Search code examples
pythonsecurityhash

Why python uses predictable hashes for numbers?


The Python doc says:

By default, the __hash__() values of str and bytes objects are “salted” with an unpredictable random value. Although they remain constant within an individual Python process, they are not predictable between repeated invocations of Python. This is intended to provide protection against a denial-of-service caused by carefully chosen inputs that exploit the worst case performance of a dict insertion, O(n2) complexity.

But the algorithm used for computing hash() of numbers is deterministic. (It only uses salt for str and bytes). Why an attacker can not use integers to run DoS by the same reason?


Solution

  • The Python bug tracker (Issue 13703) captures a lot of discussion that led to this choice.

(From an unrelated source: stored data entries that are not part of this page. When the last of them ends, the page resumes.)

(* If $M$ is a compact piecewise linear $2$-manifold in $\mathbb{R}^3$, then there exists $N\in\mathbb{N}$ such that $\mathrm{Lip}((M,d_K),\mathbb{R}^N)<\infty$.
   Context: The Korányi metric on $\mathbb{R}^3$ is $d_K(p,q)=\big(((x-x')^2+(y-y')^2)^2+16(z-z'+\tfrac12(xy'-x'y))^2\big)^{1/4}$ for $p=(x,y,z)$, $q=(x',y',z')$. A map $f:(X,d_X)\to(Y,d_Y)$ is $L$-bi-Lipschitz if $L^{-1}d_X(a,b)\le d_Y(f(a),f(b))\le L d_X(a,b)$ for all $a,b$; $\mathrm{Lip}(X,Y)$ is the infimum of such $L$ over all maps $X\to Y$ ($\infty$ if no bi-Lipschitz map exists). $\mathbb{R}^N$ carries the Euclidean metric. *)

theory Defs
  imports "HOL-Analysis.Analysis"
begin

definition koranyi :: "real^3 \<Rightarrow> real^3 \<Rightarrow> real" where
  "koranyi p q = root 4 (((p$1 - q$1)^2 + (p$2 - q$2)^2)^2
      + 16 * (p$3 - q$3 + (1/2) * (p$1 * q$2 - q$1 * p$2))^2)"

text \<open>Euclidean distance on R^N, points of R^N represented by their first N coordinates.\<close>
definition eucl_dist :: "nat \<Rightarrow> (nat \<Rightarrow> real) \<Rightarrow> (nat \<Rightarrow> real) \<Rightarrow> real" where
  "eucl_dist N u v = sqrt (\<Sum>i<N. (u i - v i)^2)"

definition bi_lipschitz_on ::
  "real \<Rightarrow> 'a set \<Rightarrow> ('a \<Rightarrow> 'a \<Rightarrow> real) \<Rightarrow> ('b \<Rightarrow> 'b \<Rightarrow> real) \<Rightarrow> ('a \<Rightarrow> 'b) \<Rightarrow> bool" where
  "bi_lipschitz_on L S dX dY f \<longleftrightarrow> 0 < L \<and>
     (\<forall>a\<in>S. \<forall>b\<in>S. dX a b / L \<le> dY (f a) (f b) \<and> dY (f a) (f b) \<le> L * dX a b)"

definition topological_2_manifold :: "(real^3) set \<Rightarrow> bool" where
  "topological_2_manifold M \<longleftrightarrow>
     (\<forall>x\<in>M. \<exists>U. openin (top_of_set M) U \<and> x \<in> U \<and>
        (\<exists>V :: (real^2) set. open V \<and> U homeomorphic V))"

definition pl_2_manifold :: "(real^3) set \<Rightarrow> bool" where
  "pl_2_manifold M \<longleftrightarrow> topological_2_manifold M \<and>
     (\<exists>\<T>. triangulation \<T> \<and> \<Union>\<T> = M)"

end

theory Submission
  imports Defs
begin

text \<open>The Koranyi distance is comparable to \<open>sqrt (horizontal distance) + sqrt \<bar>height difference\<bar>\<close>.
  On a vertical plane this is a line times the snowflaked line \<open>(\<real>, sqrt \<bar>s - t\<bar>)\<close>, which
  embeds bi-Lipschitz into \<open>\<real>\<^sup>2\<^sup>0\<close> by Assouad's lacunary Fourier series. On a non-vertical
  plane, centred at its characteristic point, the height difference is half the cross product
  of the horizontal positions; on each of four sectors \<open>\<bar>Q\<bar> \<le> P\<close> the map
  \<open>(P, Q) \<mapsto> (P, Q, P * snowflake (Q / 2P))\<close> embeds this metric. A compact PL surface is a
  finite union of triangles, each lying in a plane because it has empty interior in \<open>\<real>\<^sup>3\<close>;
  embeddability passes to finite unions by extending both embeddings coordinatewise (McShane)
  and adding the difference of the distances to the two pieces as one more coordinate.\<close>

section \<open>The Koranyi gauge\<close>

definition horiz_sqdist :: "real^3 \<Rightarrow> real^3 \<Rightarrow> real" where
  "horiz_sqdist p q = (p$1 - q$1)^2 + (p$2 - q$2)^2"

text \<open>The vertical coordinate of \<open>q\<^sup>-\<^sup>1 p\<close> in the Heisenberg group.\<close>
definition height_diff :: "real^3 \<Rightarrow> real^3 \<Rightarrow> real" where
  "height_diff p q = p$3 - q$3 + (1/2) * (p$1 * q$2 - q$1 * p$2)"

definition koranyi_gauge :: "real^3 \<Rightarrow> real^3 \<Rightarrow> complex" where
  "koranyi_gauge p q = Complex (horiz_sqdist p q) (4 * height_diff p q)"

lemma root4_eq_sqrt_sqrt: "root 4 x = sqrt (sqrt x)"
  by (metis num_double numeral_times_numeral real_root_mult_exp sqrt_def)

lemma koranyi_eq_sqrt_norm_gauge: "koranyi p q = sqrt (cmod (koranyi_gauge p q))"
proof -
  have "koranyi p q = root 4 ((horiz_sqdist p q)^2 + (4 * height_diff p q)^2)"
    by (simp add: koranyi_def horiz_sqdist_def height_diff_def power2_eq_square algebra_simps)
  then show ?thesis by (simp add: root4_eq_sqrt_sqrt koranyi_gauge_def cmod_def)
qed

lemma koranyi_nonneg: "0 \<le> koranyi p q"
  by (simp add: koranyi_eq_sqrt_norm_gauge)

lemma koranyi_commute: "koranyi p q = koranyi q p"
  unfolding koranyi_def by (simp add: algebra_simps power2_commute)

    Particularly significant factors were:

    1. JSON and XML-RPC messages are always interpreted with strings, not ints, as dict keys. (See relevant messages from the thread for JSON and XML-RPC.) So in the most plausible security threat context (requests fired at a service on the web), int hashing was seen as unlikely to cause an issue. There wasn't 100% consensus on this: this message has a dissenting view.

    2. "Using a more elaborate hash algorithm would slow down uses of numbers as dictionary keys and also be difficult to implement for non-integer types such as float, longs and complex numbers." (quote from this message)

    Essentially, the view that won out was that the security benefits of the change won out over the performance impact for strings and bytes objects, but not for numeric types.